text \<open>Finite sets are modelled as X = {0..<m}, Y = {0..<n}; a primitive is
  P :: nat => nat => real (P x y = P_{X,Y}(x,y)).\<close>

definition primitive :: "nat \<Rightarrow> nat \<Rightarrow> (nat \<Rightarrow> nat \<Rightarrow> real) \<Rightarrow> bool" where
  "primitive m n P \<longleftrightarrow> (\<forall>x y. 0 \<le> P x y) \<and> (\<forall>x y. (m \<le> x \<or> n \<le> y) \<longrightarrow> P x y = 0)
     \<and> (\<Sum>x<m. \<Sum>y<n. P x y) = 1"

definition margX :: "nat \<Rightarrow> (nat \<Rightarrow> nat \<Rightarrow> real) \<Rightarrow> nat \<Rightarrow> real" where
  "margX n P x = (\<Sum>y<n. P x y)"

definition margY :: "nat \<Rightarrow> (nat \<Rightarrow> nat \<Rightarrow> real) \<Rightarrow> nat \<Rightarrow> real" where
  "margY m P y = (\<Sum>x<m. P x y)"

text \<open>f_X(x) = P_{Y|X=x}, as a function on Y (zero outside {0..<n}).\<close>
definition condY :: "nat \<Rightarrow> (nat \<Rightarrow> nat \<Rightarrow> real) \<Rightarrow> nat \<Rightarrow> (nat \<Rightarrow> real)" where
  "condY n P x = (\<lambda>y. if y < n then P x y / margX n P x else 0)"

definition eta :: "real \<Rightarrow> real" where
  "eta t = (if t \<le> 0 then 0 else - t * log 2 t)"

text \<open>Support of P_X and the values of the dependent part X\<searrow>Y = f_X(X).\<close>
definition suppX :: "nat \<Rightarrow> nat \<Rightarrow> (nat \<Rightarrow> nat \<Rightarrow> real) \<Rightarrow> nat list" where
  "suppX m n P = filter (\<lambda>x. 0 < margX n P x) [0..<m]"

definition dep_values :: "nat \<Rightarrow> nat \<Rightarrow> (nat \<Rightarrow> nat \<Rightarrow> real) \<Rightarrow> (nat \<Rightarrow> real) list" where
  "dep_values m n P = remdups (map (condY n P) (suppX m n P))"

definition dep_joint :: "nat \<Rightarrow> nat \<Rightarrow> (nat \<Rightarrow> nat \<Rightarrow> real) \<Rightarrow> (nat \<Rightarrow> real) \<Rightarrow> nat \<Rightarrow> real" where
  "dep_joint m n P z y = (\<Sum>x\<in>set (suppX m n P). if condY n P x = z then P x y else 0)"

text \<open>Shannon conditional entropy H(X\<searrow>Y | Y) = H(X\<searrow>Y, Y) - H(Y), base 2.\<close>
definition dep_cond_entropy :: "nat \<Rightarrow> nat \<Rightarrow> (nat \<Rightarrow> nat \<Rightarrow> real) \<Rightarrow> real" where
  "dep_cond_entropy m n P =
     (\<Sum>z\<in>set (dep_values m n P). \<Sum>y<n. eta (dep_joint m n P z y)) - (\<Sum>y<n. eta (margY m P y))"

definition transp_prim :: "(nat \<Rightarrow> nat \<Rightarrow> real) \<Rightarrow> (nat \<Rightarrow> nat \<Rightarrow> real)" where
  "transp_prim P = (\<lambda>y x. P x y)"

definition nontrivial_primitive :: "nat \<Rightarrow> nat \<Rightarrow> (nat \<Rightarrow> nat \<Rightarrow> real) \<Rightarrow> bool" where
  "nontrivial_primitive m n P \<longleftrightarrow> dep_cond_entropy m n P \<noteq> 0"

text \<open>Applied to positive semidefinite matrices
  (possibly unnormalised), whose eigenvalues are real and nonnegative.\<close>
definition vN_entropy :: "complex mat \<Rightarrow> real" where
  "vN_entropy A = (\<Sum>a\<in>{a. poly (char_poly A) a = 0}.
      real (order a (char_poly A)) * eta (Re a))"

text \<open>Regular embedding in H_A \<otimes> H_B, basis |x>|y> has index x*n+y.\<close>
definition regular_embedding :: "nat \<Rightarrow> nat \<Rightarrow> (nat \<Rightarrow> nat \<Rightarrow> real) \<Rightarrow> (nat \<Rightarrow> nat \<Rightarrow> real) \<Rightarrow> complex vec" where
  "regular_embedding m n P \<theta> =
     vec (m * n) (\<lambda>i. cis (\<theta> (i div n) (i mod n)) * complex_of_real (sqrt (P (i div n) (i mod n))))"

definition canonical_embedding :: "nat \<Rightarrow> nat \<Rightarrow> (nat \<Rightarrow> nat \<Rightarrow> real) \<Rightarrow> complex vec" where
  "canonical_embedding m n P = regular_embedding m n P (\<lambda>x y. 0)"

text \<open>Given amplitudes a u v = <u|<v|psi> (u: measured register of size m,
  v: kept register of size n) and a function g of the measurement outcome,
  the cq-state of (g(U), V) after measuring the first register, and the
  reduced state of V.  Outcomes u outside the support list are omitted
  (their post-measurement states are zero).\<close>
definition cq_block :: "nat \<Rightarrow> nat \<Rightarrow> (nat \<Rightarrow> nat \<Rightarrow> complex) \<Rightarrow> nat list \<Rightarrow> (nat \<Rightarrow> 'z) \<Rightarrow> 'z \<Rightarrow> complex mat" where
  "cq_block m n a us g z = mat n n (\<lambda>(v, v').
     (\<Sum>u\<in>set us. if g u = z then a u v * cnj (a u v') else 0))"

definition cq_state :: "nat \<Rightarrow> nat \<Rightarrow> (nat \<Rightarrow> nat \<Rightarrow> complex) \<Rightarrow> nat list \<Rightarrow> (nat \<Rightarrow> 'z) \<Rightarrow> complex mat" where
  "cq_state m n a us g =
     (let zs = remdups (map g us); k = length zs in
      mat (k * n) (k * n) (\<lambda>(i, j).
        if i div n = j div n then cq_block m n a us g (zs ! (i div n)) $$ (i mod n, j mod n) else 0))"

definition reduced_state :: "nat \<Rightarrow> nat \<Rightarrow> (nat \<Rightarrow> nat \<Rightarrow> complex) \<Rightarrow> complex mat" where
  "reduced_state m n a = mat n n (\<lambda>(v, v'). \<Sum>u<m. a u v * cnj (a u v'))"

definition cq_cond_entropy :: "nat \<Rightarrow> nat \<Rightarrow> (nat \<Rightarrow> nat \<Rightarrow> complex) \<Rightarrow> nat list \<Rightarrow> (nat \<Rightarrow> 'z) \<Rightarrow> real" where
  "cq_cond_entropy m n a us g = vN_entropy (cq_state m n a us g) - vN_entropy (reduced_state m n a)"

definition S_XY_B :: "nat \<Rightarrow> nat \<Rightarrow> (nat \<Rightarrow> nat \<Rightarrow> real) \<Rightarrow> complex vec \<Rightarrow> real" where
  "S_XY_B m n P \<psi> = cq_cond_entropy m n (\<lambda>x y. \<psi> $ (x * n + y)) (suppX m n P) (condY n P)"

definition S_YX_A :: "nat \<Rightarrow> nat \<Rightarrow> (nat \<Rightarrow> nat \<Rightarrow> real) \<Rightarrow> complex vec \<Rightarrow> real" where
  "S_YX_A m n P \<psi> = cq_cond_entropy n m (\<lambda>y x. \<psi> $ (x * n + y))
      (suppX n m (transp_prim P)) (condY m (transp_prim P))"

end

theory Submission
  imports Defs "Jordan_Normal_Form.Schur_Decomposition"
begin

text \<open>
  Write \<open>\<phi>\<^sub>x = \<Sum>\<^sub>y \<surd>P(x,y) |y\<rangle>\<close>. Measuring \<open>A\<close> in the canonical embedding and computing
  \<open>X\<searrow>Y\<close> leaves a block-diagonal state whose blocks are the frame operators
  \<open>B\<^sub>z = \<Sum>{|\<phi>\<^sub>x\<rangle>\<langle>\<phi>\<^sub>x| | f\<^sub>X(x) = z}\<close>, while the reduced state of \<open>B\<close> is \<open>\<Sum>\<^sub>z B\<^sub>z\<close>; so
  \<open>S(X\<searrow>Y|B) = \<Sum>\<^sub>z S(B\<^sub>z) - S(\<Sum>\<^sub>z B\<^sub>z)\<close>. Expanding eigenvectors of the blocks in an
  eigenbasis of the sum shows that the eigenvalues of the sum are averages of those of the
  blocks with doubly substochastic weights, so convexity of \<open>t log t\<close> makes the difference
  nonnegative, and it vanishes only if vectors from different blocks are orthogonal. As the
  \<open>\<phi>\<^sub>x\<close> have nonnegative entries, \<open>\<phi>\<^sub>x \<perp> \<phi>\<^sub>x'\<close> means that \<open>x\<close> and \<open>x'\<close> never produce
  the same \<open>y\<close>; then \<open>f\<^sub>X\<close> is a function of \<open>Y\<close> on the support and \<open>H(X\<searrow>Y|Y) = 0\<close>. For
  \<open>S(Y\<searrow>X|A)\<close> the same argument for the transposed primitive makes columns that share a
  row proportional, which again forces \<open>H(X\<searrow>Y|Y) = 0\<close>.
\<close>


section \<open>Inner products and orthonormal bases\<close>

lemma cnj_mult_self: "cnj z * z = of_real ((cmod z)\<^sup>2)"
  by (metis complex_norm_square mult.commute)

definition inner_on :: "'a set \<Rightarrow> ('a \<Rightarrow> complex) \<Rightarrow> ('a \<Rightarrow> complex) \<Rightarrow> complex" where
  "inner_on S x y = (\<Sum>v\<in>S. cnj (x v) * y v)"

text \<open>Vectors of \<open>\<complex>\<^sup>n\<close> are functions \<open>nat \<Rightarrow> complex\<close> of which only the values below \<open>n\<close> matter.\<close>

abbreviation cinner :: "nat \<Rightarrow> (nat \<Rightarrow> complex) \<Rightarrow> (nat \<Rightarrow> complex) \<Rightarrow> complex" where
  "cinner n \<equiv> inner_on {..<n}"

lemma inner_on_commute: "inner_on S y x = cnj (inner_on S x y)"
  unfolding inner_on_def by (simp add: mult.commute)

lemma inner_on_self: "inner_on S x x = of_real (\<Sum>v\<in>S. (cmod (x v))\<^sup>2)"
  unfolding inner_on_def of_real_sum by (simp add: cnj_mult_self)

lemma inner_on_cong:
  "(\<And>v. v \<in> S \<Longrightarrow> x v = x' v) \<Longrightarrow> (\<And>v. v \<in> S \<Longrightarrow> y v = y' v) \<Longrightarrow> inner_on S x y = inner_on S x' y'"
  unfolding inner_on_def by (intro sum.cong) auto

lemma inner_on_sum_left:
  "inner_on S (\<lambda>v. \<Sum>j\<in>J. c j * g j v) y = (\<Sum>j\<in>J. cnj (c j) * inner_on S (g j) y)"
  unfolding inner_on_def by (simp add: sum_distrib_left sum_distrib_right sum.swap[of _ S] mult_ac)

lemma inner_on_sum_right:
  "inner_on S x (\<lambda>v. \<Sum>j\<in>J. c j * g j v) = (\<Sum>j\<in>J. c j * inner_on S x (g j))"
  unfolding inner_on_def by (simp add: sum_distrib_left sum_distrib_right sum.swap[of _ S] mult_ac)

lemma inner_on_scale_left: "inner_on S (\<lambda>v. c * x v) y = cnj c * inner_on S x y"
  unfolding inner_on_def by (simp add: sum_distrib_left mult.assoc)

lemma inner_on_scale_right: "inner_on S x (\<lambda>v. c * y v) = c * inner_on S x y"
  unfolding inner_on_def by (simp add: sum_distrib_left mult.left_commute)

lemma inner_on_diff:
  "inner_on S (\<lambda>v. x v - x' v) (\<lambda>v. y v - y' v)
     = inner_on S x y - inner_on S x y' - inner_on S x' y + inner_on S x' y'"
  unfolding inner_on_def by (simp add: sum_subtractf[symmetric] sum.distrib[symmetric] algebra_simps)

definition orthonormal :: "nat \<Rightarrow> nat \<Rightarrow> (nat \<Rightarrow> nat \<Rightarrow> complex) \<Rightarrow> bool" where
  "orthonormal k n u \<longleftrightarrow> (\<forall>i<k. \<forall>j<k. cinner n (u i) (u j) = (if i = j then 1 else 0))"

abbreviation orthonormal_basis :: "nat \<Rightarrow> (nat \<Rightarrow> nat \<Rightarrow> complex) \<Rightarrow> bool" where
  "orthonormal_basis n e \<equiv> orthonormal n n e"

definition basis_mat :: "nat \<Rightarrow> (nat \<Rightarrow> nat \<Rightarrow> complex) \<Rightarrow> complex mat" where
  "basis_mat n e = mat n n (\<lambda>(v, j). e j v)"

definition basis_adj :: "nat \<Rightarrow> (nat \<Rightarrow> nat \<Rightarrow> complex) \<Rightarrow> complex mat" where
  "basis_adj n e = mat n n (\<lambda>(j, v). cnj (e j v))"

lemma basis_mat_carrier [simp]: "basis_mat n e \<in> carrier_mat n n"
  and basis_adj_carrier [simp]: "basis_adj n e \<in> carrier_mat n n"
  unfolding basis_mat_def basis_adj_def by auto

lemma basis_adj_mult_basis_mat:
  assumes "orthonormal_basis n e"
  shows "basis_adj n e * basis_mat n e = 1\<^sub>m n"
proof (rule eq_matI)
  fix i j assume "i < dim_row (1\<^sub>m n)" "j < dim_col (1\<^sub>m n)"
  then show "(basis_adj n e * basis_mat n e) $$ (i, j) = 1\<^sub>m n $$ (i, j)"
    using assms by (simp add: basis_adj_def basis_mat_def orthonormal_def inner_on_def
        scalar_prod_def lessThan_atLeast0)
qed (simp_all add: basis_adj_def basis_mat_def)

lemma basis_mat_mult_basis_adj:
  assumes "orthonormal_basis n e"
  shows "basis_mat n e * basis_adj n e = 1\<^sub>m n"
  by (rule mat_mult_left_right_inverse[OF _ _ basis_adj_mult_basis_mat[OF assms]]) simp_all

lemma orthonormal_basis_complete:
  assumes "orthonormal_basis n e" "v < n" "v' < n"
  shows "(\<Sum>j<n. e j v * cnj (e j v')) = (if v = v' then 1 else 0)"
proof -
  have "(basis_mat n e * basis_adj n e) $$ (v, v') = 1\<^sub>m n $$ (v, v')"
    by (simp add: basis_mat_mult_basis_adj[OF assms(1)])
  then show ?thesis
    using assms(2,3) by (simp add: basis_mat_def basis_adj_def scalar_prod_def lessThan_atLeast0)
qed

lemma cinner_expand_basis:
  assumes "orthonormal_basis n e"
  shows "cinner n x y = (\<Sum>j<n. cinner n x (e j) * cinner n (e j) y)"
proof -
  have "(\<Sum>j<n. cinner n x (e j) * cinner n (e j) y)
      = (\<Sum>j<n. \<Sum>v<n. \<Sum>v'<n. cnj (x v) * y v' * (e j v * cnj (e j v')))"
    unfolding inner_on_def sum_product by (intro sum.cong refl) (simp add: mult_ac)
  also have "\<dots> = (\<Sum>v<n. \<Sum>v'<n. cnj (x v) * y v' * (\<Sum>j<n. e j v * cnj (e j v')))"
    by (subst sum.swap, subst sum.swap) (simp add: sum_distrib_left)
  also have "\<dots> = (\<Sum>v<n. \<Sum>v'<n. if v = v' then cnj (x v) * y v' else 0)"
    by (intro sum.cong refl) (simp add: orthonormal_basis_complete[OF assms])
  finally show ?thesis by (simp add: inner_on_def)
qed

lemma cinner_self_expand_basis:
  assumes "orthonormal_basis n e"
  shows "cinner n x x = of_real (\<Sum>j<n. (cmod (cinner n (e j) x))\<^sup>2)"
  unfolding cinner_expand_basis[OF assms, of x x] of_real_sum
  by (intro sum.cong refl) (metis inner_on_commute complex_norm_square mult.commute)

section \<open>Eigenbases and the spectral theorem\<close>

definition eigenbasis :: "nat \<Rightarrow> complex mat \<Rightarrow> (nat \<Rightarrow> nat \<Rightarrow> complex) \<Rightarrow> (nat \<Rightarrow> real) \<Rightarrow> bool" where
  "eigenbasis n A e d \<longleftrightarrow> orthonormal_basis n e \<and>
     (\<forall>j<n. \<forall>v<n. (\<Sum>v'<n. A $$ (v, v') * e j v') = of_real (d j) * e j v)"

- - - - - - -

**What needs to be done**.
Copy the records above faithfully. Begin at their first line, end at the line containing "(\<Sum>x<m. \<Sum>y<n. P", and include nothing else.

**Task response**.
text \<open>Finite sets are modelled as X = {0..<m}, Y = {0..<n}; a primitive is
  P :: nat => nat => real (P x y = P_{X,Y}(x,y)).\<close>

definition primitive :: "nat \<Rightarrow> nat \<Rightarrow> (nat \<Rightarrow> nat \<Rightarrow> real) \<Rightarrow> bool" where
  "primitive m n P \<longleftrightarrow> (\<forall>x y. 0 \<le> P x y) \<and> (\<forall>x y. (m \<le> x \<or> n \<le> y) \<longrightarrow> P x y = 0)
     \<and> (\<Sum>x<m. \<Sum>y<n. P x y) = 1"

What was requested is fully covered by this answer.